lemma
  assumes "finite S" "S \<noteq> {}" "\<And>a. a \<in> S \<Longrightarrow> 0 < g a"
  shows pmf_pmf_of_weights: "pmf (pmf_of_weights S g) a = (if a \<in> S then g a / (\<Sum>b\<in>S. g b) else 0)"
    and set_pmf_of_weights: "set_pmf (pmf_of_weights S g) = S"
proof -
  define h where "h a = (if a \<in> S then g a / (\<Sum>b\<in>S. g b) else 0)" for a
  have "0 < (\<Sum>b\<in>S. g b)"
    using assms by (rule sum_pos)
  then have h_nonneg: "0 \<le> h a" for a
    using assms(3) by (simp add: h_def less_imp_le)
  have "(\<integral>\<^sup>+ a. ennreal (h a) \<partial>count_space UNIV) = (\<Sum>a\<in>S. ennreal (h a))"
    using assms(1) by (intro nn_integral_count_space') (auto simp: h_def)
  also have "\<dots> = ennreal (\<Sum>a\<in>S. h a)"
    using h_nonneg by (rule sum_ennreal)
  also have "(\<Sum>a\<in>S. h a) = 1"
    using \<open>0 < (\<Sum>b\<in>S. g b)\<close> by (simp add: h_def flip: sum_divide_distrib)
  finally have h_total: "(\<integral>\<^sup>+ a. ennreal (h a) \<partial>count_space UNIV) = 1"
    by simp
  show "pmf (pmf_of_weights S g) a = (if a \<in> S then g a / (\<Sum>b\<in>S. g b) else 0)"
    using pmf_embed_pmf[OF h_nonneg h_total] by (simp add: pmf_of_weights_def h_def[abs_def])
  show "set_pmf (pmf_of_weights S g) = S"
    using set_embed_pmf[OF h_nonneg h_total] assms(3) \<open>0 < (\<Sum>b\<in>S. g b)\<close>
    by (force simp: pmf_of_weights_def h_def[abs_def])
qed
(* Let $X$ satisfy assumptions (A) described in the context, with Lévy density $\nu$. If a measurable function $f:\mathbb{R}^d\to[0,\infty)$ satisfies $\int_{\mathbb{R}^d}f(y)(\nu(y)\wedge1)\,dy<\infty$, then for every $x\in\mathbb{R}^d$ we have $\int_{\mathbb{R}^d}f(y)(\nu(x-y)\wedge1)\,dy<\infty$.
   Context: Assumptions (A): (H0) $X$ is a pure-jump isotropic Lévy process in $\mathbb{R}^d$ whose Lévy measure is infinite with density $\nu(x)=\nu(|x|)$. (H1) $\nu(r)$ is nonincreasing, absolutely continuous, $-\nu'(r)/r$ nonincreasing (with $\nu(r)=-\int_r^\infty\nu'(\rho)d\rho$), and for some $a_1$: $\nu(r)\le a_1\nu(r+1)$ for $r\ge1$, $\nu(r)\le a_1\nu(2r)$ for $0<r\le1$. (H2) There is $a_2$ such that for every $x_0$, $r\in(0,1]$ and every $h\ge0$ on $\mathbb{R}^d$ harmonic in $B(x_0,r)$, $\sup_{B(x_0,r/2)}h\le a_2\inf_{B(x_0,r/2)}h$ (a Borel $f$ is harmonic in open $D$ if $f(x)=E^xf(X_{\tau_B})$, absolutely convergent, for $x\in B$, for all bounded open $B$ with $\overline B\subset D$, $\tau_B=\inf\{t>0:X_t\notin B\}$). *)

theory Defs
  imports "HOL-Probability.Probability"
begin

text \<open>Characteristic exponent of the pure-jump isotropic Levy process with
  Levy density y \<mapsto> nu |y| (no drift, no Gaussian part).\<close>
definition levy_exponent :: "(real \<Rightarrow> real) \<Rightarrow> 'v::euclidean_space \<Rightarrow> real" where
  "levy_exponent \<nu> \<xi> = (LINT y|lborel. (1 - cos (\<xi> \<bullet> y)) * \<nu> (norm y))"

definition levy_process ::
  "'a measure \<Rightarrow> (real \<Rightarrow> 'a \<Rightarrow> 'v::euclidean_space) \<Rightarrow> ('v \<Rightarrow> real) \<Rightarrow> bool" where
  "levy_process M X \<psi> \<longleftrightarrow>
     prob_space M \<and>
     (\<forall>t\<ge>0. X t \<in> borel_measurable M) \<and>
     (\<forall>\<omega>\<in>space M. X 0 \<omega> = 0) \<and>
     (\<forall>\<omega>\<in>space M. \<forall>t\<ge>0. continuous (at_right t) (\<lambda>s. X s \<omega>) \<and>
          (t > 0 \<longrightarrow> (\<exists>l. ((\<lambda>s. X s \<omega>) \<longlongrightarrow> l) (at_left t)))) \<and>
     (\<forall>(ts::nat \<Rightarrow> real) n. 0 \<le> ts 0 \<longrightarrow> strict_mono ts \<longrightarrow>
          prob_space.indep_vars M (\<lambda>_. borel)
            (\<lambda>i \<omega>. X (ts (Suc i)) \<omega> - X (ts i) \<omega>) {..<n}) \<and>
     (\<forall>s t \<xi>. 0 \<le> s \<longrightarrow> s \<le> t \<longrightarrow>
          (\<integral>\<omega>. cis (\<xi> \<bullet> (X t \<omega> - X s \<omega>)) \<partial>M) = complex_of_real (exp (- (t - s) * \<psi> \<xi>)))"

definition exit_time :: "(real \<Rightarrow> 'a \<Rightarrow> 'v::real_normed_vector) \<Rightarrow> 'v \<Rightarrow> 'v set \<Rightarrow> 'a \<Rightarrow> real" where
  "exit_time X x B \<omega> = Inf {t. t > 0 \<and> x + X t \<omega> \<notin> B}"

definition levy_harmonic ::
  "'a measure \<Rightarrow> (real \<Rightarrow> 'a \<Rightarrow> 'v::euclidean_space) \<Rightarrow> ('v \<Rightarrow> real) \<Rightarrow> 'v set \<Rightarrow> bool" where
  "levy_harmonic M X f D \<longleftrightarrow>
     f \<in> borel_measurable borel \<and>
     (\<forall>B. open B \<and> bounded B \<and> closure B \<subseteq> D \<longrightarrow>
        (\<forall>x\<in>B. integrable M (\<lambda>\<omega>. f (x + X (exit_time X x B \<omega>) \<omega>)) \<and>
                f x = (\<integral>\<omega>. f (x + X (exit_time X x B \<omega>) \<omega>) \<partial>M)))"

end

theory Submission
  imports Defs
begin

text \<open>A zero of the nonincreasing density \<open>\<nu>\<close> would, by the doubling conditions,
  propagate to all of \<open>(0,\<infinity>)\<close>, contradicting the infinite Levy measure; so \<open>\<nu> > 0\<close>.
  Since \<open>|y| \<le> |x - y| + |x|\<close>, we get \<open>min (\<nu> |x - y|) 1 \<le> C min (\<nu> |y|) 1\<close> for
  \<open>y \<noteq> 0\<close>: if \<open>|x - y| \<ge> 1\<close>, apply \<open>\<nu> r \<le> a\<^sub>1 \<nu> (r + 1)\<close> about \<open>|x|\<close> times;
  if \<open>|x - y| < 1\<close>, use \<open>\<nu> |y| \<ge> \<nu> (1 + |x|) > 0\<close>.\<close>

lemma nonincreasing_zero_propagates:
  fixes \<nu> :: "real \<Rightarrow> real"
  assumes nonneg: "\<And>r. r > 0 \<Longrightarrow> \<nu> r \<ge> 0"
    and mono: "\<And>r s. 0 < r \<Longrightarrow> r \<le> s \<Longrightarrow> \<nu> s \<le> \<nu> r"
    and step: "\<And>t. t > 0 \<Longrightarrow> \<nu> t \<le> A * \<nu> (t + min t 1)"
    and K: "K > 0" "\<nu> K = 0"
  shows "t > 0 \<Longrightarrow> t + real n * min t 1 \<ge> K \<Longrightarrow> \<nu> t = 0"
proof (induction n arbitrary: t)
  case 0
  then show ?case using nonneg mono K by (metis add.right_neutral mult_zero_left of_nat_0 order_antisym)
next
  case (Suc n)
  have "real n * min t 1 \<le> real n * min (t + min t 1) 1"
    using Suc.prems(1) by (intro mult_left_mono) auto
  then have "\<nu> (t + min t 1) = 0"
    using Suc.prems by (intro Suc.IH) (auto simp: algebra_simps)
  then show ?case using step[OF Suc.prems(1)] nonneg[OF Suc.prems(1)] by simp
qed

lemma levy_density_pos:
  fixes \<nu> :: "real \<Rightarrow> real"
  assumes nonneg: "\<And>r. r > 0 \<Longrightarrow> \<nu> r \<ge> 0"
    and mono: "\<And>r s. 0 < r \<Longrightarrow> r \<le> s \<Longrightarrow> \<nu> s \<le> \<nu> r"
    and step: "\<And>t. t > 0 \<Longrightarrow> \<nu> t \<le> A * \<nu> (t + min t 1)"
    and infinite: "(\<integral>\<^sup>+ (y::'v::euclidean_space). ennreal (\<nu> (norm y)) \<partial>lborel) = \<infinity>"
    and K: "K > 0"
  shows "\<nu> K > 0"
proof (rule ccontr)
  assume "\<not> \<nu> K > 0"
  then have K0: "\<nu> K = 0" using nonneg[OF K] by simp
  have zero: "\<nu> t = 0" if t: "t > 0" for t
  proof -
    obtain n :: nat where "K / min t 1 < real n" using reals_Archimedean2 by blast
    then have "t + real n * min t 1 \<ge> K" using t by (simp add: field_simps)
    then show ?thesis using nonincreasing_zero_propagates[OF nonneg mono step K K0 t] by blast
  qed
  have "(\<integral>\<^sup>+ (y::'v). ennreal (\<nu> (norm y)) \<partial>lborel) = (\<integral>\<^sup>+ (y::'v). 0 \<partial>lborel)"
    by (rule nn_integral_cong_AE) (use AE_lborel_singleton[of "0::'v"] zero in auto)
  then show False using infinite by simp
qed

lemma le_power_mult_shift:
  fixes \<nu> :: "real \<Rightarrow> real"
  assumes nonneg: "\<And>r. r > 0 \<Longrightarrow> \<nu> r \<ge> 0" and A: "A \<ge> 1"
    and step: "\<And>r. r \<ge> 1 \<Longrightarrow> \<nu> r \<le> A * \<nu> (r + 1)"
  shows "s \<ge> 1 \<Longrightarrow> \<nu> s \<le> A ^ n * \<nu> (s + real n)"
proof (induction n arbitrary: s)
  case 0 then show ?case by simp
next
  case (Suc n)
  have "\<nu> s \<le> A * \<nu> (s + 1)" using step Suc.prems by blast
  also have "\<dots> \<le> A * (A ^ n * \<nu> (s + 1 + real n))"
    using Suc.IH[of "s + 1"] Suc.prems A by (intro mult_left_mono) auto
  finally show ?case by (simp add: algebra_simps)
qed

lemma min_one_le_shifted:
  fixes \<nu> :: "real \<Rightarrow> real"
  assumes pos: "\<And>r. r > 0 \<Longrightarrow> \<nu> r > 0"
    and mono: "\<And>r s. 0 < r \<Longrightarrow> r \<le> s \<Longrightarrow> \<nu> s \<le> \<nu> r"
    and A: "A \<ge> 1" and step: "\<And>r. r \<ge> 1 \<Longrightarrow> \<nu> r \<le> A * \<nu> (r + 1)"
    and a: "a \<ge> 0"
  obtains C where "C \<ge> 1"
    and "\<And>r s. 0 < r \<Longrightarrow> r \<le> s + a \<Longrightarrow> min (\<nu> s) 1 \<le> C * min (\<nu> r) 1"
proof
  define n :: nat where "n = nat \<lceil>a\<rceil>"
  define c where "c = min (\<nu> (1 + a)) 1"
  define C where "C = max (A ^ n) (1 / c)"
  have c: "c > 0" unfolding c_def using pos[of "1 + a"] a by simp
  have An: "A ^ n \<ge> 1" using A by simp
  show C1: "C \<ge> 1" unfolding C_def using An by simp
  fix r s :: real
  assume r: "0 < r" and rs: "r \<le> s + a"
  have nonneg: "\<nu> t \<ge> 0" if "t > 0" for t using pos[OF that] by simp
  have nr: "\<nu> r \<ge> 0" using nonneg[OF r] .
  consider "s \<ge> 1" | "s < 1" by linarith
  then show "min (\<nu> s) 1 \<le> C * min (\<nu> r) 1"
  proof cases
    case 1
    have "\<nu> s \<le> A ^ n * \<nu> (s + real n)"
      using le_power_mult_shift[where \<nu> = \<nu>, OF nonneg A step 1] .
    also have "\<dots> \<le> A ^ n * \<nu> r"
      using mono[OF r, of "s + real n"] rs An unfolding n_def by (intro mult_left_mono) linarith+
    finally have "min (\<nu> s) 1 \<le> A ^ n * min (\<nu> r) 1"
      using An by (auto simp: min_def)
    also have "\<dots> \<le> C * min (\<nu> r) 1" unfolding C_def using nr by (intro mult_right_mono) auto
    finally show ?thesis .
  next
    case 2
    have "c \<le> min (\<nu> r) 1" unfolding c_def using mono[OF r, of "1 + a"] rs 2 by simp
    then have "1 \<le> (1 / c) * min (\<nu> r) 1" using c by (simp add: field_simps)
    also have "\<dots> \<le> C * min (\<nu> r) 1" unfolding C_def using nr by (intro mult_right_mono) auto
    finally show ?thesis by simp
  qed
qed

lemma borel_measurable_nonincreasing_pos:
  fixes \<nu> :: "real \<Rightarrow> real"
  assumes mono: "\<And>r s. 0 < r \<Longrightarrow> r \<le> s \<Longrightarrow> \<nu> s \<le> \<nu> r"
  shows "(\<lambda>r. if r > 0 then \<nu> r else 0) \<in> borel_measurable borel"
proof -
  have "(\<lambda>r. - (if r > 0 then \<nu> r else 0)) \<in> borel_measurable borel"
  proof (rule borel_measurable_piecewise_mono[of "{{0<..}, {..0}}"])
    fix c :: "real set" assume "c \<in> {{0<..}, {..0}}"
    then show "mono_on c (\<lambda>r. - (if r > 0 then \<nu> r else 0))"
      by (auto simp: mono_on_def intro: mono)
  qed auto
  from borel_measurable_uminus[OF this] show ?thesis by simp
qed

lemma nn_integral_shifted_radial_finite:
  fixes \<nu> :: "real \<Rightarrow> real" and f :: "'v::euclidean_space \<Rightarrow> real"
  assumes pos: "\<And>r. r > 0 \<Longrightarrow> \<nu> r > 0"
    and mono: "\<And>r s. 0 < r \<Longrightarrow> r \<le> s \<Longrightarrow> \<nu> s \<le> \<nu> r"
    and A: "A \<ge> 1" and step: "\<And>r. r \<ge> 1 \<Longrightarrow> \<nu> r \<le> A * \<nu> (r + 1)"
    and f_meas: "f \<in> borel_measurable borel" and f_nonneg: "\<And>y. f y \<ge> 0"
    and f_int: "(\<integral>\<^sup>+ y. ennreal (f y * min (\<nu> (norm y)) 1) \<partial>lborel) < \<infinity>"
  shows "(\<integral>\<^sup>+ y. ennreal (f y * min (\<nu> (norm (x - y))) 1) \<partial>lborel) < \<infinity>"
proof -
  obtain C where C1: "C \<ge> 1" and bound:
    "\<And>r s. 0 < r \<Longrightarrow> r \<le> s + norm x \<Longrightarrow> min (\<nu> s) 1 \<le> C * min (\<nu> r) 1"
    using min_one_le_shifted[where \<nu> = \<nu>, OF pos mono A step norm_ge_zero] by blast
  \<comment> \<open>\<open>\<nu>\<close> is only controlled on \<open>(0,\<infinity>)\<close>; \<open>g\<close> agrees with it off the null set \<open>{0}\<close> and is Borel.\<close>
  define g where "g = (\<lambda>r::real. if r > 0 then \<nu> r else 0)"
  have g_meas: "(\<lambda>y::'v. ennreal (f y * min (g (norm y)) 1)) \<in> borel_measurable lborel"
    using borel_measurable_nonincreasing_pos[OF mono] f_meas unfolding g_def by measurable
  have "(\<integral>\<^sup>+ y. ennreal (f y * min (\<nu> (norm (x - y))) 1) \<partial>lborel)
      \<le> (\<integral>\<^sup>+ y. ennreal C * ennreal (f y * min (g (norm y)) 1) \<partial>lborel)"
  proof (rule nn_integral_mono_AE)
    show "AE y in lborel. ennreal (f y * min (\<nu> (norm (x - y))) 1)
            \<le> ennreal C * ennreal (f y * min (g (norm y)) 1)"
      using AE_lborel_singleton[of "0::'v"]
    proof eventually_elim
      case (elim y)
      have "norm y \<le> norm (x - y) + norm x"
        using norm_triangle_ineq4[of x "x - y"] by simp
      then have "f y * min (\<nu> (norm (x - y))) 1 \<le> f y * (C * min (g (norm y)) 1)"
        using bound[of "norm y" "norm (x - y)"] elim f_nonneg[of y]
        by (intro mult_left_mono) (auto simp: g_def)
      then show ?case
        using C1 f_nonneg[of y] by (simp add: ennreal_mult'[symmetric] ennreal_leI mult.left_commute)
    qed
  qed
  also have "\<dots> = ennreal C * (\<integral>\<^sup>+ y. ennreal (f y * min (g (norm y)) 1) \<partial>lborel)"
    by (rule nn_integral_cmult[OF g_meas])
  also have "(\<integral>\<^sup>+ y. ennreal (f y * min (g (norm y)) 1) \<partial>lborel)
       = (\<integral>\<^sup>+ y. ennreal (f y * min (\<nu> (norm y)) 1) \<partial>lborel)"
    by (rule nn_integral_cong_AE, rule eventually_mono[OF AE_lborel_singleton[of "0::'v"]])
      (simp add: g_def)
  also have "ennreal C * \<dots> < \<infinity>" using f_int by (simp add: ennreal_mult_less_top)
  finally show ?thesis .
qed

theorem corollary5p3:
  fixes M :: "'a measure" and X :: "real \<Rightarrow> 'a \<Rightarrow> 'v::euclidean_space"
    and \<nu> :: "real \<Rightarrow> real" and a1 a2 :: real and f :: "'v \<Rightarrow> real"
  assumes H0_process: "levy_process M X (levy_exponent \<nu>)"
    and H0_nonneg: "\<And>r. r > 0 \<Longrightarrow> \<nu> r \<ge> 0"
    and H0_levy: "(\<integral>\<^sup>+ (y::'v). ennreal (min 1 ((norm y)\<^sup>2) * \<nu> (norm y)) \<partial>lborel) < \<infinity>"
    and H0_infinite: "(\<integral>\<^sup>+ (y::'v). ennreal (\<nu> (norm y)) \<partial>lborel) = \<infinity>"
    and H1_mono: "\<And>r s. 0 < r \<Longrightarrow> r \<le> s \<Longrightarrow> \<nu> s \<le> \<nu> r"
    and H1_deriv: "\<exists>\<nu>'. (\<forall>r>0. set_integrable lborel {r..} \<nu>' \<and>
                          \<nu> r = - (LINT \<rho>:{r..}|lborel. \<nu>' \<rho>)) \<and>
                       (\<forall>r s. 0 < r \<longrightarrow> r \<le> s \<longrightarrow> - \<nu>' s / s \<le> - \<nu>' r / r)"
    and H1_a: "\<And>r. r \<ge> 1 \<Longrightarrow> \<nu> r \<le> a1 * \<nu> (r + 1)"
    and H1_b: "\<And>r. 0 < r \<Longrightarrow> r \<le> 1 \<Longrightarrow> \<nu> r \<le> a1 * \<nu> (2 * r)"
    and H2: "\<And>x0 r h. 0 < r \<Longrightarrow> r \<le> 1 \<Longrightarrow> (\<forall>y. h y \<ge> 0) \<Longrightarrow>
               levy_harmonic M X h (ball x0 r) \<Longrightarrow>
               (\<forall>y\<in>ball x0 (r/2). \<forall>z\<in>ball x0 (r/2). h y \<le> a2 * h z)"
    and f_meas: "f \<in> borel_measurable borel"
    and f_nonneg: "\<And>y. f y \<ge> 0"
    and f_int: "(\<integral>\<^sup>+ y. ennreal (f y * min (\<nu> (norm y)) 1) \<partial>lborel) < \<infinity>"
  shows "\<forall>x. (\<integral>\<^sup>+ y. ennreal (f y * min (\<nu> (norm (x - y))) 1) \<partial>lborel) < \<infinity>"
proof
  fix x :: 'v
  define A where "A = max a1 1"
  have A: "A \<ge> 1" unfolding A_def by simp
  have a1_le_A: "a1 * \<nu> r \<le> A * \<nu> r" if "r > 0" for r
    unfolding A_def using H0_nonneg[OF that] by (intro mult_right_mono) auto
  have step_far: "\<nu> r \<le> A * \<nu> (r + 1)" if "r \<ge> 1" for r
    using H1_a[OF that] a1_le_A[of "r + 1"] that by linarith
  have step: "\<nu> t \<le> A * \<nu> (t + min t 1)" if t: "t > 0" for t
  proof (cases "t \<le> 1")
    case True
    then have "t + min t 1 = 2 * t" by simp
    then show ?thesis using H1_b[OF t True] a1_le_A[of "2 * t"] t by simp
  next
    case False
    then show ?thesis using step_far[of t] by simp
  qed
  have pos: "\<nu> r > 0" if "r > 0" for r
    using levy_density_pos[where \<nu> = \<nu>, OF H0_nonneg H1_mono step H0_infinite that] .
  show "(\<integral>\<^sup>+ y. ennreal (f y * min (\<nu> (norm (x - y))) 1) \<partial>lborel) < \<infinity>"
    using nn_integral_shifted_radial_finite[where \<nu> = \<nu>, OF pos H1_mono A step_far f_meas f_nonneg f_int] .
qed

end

### PROBLEM:
Restate the entries above word for word, beginning with their first line and ending with the line holding "using \<open>0 <"; omit everything else.

### TASK RESULT:
lemma
  assumes "finite S" "S \<noteq> {}" "\<And>a. a \<in> S \<Longrightarrow> 0 < g a"
  shows pmf_pmf_of_weights: "pmf (pmf_of_weights S g) a = (if a \<in> S then g a / (\<Sum>b\<in>S. g b) else 0)"
    and set_pmf_of_weights: "set_pmf (pmf_of_weights S g) = S"
proof -
  define h where "h a = (if a \<in> S then g a / (\<Sum>b\<in>S. g b) else 0)" for a
  have "0 < (\<Sum>b\<in>S. g b)"
    using assms by (rule sum_pos)
  then have h_nonneg: "0 \<le> h a" for a
    using assms(3) by (simp add: h_def less_imp_le)
  have "(\<integral>\<^sup>+ a. ennreal (h a) \<partial>count_space UNIV) = (\<Sum>a\<in>S. ennreal (h a))"
    using assms(1) by (intro nn_integral_count_space') (auto simp: h_def)
  also have "\<dots> = ennreal (\<Sum>a\<in>S. h a)"
    using h_nonneg by (rule sum_ennreal)
  also have "(\<Sum>a\<in>S. h a) = 1"
    using \<open>0 < (\<Sum>b\<in>S. g b)\<close> by (simp add: h_def flip: sum_divide_distrib)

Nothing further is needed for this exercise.